What you are asked to do: Return, exactly and in full, the lines of the records below starting at the one with "If \<open>H\<close> is" and ending at the one with "as soon as some", and no other lines.

Material to process:
(* Let $A,B$ be non-trivial finitely generated left-orderable groups. Then $G=A*B$ is Hucha with respect to the family consisting of $A$, $B$ and all cyclic subgroups of $G$.
   Context: A positive cone is a subsemigroup $P$ with $G=P\sqcup P^{-1}\sqcup\{1\}$. For a finite generating set $X$ with word metric $d_X$, an $r$-path is a sequence $g_0,\dots,g_n$ with $d_X(g_i,g_{i+1})\le r$; $S$ $r$-disconnects $H_1,H_2$ if every $r$-path from $H_1$ to $H_2$ meets $S$, and $r$-disconnects $P$ if it $r$-disconnects $\{u\},\{v\}$ for some $u,v\in P$. A negative swamp of width $r$ for a subgroup $H$ is $S\subseteq P^{-1}$ that $r$-disconnects $P$ and $r$-disconnects $g_1H,g_2H$ for some $g_1,g_2\in G$. A finitely generated left-orderable group $G$ is Hucha with respect to a family $\mathcal{H}$ of subgroups if for some (equivalently any) finite generating set, for every positive cone $P$, every $H\in\mathcal{H}$ and every $r>0$ there is a negative swamp of width $r$ for $H$. *)

theory Defs
  imports "HOL-Algebra.Algebra"
begin

definition left_orderable :: "('a, 'b) monoid_scheme \<Rightarrow> bool" where
  "left_orderable G \<longleftrightarrow> (\<exists>less :: 'a \<Rightarrow> 'a \<Rightarrow> bool.
     (\<forall>x\<in>carrier G. \<not> less x x) \<and>
     (\<forall>x\<in>carrier G. \<forall>y\<in>carrier G. \<forall>z\<in>carrier G. less x y \<and> less y z \<longrightarrow> less x z) \<and>
     (\<forall>x\<in>carrier G. \<forall>y\<in>carrier G. x = y \<or> less x y \<or> less y x) \<and>
     (\<forall>g\<in>carrier G. \<forall>x\<in>carrier G. \<forall>y\<in>carrier G. less x y \<longrightarrow> less (g \<otimes>\<^bsub>G\<^esub> x) (g \<otimes>\<^bsub>G\<^esub> y)))"

definition finitely_generated :: "('a, 'b) monoid_scheme \<Rightarrow> bool" where
  "finitely_generated G \<longleftrightarrow> (\<exists>Xg. finite Xg \<and> Xg \<subseteq> carrier G \<and> generate G Xg = carrier G)"

definition positive_cone :: "('a, 'b) monoid_scheme \<Rightarrow> 'a set \<Rightarrow> bool" where
  "positive_cone G P \<longleftrightarrow> P \<subseteq> carrier G \<and>
     (\<forall>x\<in>P. \<forall>y\<in>P. x \<otimes>\<^bsub>G\<^esub> y \<in> P) \<and>
     carrier G = P \<union> (m_inv G ` P) \<union> {\<one>\<^bsub>G\<^esub>} \<and>
     P \<inter> (m_inv G ` P) = {} \<and> \<one>\<^bsub>G\<^esub> \<notin> P \<and> \<one>\<^bsub>G\<^esub> \<notin> m_inv G ` P"

definition word_length :: "('a, 'b) monoid_scheme \<Rightarrow> 'a set \<Rightarrow> 'a \<Rightarrow> nat" where
  "word_length G Xg g = (LEAST n. \<exists>xs. length xs = n \<and> set xs \<subseteq> Xg \<union> m_inv G ` Xg \<and>
       foldr (\<otimes>\<^bsub>G\<^esub>) xs \<one>\<^bsub>G\<^esub> = g)"

definition word_dist :: "('a, 'b) monoid_scheme \<Rightarrow> 'a set \<Rightarrow> 'a \<Rightarrow> 'a \<Rightarrow> nat" where
  "word_dist G Xg g h = word_length G Xg (inv\<^bsub>G\<^esub> g \<otimes>\<^bsub>G\<^esub> h)"

definition r_path :: "('a, 'b) monoid_scheme \<Rightarrow> 'a set \<Rightarrow> nat \<Rightarrow> 'a list \<Rightarrow> bool" where
  "r_path G Xg r ps \<longleftrightarrow> ps \<noteq> [] \<and> set ps \<subseteq> carrier G \<and>
     (\<forall>i. Suc i < length ps \<longrightarrow> word_dist G Xg (ps ! i) (ps ! Suc i) \<le> r)"

definition r_disconnects :: "('a, 'b) monoid_scheme \<Rightarrow> 'a set \<Rightarrow> nat \<Rightarrow> 'a set \<Rightarrow> 'a set \<Rightarrow> 'a set \<Rightarrow> bool" where
  "r_disconnects G Xg r S H1 H2 \<longleftrightarrow>
     (\<forall>ps. r_path G Xg r ps \<and> hd ps \<in> H1 \<and> last ps \<in> H2 \<longrightarrow> set ps \<inter> S \<noteq> {})"

definition r_disconnects_cone :: "('a, 'b) monoid_scheme \<Rightarrow> 'a set \<Rightarrow> nat \<Rightarrow> 'a set \<Rightarrow> 'a set \<Rightarrow> bool" where
  "r_disconnects_cone G Xg r S P \<longleftrightarrow> (\<exists>u\<in>P. \<exists>v\<in>P. r_disconnects G Xg r S {u} {v})"

definition negative_swamp :: "('a, 'b) monoid_scheme \<Rightarrow> 'a set \<Rightarrow> 'a set \<Rightarrow> 'a set \<Rightarrow> nat \<Rightarrow> 'a set \<Rightarrow> bool" where
  "negative_swamp G Xg P H r S \<longleftrightarrow> S \<subseteq> m_inv G ` P \<and> r_disconnects_cone G Xg r S P \<and>
     (\<exists>g1\<in>carrier G. \<exists>g2\<in>carrier G. r_disconnects G Xg r S (g1 <#\<^bsub>G\<^esub> H) (g2 <#\<^bsub>G\<^esub> H))"

definition hucha :: "('a, 'b) monoid_scheme \<Rightarrow> 'a set set \<Rightarrow> bool" where
  "hucha G F \<longleftrightarrow> (\<exists>Xg. finite Xg \<and> Xg \<subseteq> carrier G \<and> generate G Xg = carrier G \<and>
     (\<forall>P. positive_cone G P \<longrightarrow> (\<forall>H\<in>F. \<forall>r::nat. r > 0 \<longrightarrow> (\<exists>S. negative_swamp G Xg P H r S))))"

text \<open>G is the (internal) free product of its subgroups A and B: A and B generate G and every
  nonempty alternating word of nontrivial letters from A and B (label True = letter from A)
  has nontrivial product (normal form theorem).\<close>
definition internal_free_product :: "('a, 'b) monoid_scheme \<Rightarrow> 'a set \<Rightarrow> 'a set \<Rightarrow> bool" where
  "internal_free_product G A B \<longleftrightarrow> subgroup A G \<and> subgroup B G \<and>
     generate G (A \<union> B) = carrier G \<and>
     (\<forall>ws :: (bool \<times> 'a) list. ws \<noteq> [] \<longrightarrow>
        (\<forall>w\<in>set ws. snd w \<noteq> \<one>\<^bsub>G\<^esub> \<and> (if fst w then snd w \<in> A else snd w \<in> B)) \<longrightarrow>
        (\<forall>i. Suc i < length ws \<longrightarrow> fst (ws ! i) \<noteq> fst (ws ! Suc i)) \<longrightarrow>
        foldr (\<otimes>\<^bsub>G\<^esub>) (map snd ws) \<one>\<^bsub>G\<^esub> \<noteq> \<one>\<^bsub>G\<^esub>)"

end

theory Submission
  imports Defs
begin

text \<open>
  Let \<open>T\<close> be the set of elements of \<open>G = A * B\<close> whose normal form starts with a syllable
  from \<open>A\<close>. With generators taken from \<open>A \<union> B\<close>, multiplying by a letter changes only the
  last syllable of a normal form, so a word path from \<open>c T\<close> to its complement passes through
  \<open>c\<close>; hence the word ball of radius \<open>R \<ge> r\<close> around \<open>c\<close> \<open>r\<close>-disconnects \<open>c T\<close> from its
  complement. If \<open>d\<close> lies above the ball of radius \<open>R\<close> around \<open>1\<close> in the order of a positive
  cone \<open>P\<close>, then the ball around \<open>c = d\<inverse>\<close> is negative, while both sides contain positive
  elements \<open>c u\<close> with \<open>d < u\<close>.

  If \<open>H\<close> is generated by elements of length at most \<open>R\<close>, the same crossing argument puts every
  coset \<open>x H\<close> that avoids the ball around \<open>1\<close> on one side, and left multiplication by a
  syllable from the other factor moves it to the other side. By pigeonhole such cosets exist
  as soon as some element has no positive power in \<open>H\<close>: for \<open>H = A\<close> or \<open>B\<close> take a nontrivial
  element of the other factor (\<open>G\<close> is torsion-free and \<open>A \<inter> B = 1\<close>), and for cyclic \<open>H\<close> use
  that nontrivial elements of \<open>A\<close> and \<open>B\<close> do not commute.
\<close>

section \<open>Alternating lists and products in groups\<close>

fun alternating :: "(bool \<times> 'a \<Rightarrow> bool) \<Rightarrow> (bool \<times> 'a) list \<Rightarrow> bool" where
  "alternating P [] \<longleftrightarrow> True"
| "alternating P [w] \<longleftrightarrow> P w"
| "alternating P (w # v # ws) \<longleftrightarrow> P w \<and> fst w \<noteq> fst v \<and> alternating P (v # ws)"

lemma alternating_Cons:
  "alternating P (w # ws) \<longleftrightarrow> P w \<and> alternating P ws \<and> (ws \<noteq> [] \<longrightarrow> fst w \<noteq> fst (hd ws))"
  by (cases ws) auto

lemma alternating_append:
  "alternating P (vs @ ws) \<longleftrightarrow> alternating P vs \<and> alternating P ws \<and>
     (vs \<noteq> [] \<longrightarrow> ws \<noteq> [] \<longrightarrow> fst (last vs) \<noteq> fst (hd ws))"
  by (induction vs) (auto simp: alternating_Cons)

lemma alternating_rev: "alternating P (rev ws) \<longleftrightarrow> alternating P ws"
  by (induction ws) (auto simp: alternating_Cons alternating_append last_rev hd_rev)

lemma alternating_map:
  assumes "alternating P ws" "\<And>w. P w \<Longrightarrow> Q (g w)" "\<And>w. fst (g w) = fst w"
  shows "alternating Q (map g ws)"
  using assms(1) by (induction ws) (auto simp: alternating_Cons hd_map assms(2,3))

lemma alternating_iff_nth:
  "alternating P ws \<longleftrightarrow> (\<forall>w\<in>set ws. P w) \<and> (\<forall>i. Suc i < length ws \<longrightarrow> fst (ws ! i) \<noteq> fst (ws ! Suc i))"
proof (induction P ws rule: alternating.induct)
  case (3 P w v ws)
  have "(\<forall>i. Suc i < length (w # v # ws) \<longrightarrow> fst ((w # v # ws) ! i) \<noteq> fst ((w # v # ws) ! Suc i)) \<longleftrightarrow>
      fst w \<noteq> fst v \<and> (\<forall>i. Suc i < length (v # ws) \<longrightarrow> fst ((v # ws) ! i) \<noteq> fst ((v # ws) ! Suc i))"
    by (auto simp: All_less_Suc2 less_Suc_eq_0_disj)
  then show ?case using "3.IH" by auto
qed simp_all

lemma (in monoid) foldr_mult_closed:
  "set xs \<subseteq> carrier G \<Longrightarrow> foldr (\<otimes>) xs \<one> \<in> carrier G"
  by (induction xs) auto

lemma (in monoid) foldr_mult_append:
  "set xs \<subseteq> carrier G \<Longrightarrow> set ys \<subseteq> carrier G \<Longrightarrow>
   foldr (\<otimes>) (xs @ ys) \<one> = foldr (\<otimes>) xs \<one> \<otimes> foldr (\<otimes>) ys \<one>"
  by (induction xs) (auto simp: m_assoc foldr_mult_closed)

lemma (in group) foldr_mult_rev_inv:
  "set xs \<subseteq> carrier G \<Longrightarrow> foldr (\<otimes>) (rev (map (m_inv G) xs)) \<one> = inv (foldr (\<otimes>) xs \<one>)"
proof (induction xs)
  case (Cons a xs)
  then show ?case
    using foldr_mult_append[of "rev (map (m_inv G) xs)" "[inv a]"]
    by (auto simp del: foldr_append simp: foldr_mult_closed inv_mult_group)
qed simp

lemma (in group) subgroup_nat_pow_closed: "subgroup H G \<Longrightarrow> h \<in> H \<Longrightarrow> h [^] (n::nat) \<in> H"
  using subgroup_int_pow_closed[of H h "int n"] by (simp add: int_pow_int)

lemma (in group) l_coset_translate_back:
  assumes "c \<in> carrier G" "g \<in> carrier G" "H \<subseteq> carrier G" "x \<in> (c \<otimes> g) <# H"
  shows "inv c \<otimes> x \<in> g <# H"
  using assms unfolding l_coset_def by (auto simp: m_assoc[symmetric] subset_iff)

Expected output:
  If \<open>H\<close> is generated by elements of length at most \<open>R\<close>, the same crossing argument puts every
  coset \<open>x H\<close> that avoids the ball around \<open>1\<close> on one side, and left multiplication by a
  syllable from the other factor moves it to the other side. By pigeonhole such cosets exist
  as soon as some element has no positive power in \<open>H\<close>: for \<open>H = A\<close> or \<open>B\<close> take a nontrivial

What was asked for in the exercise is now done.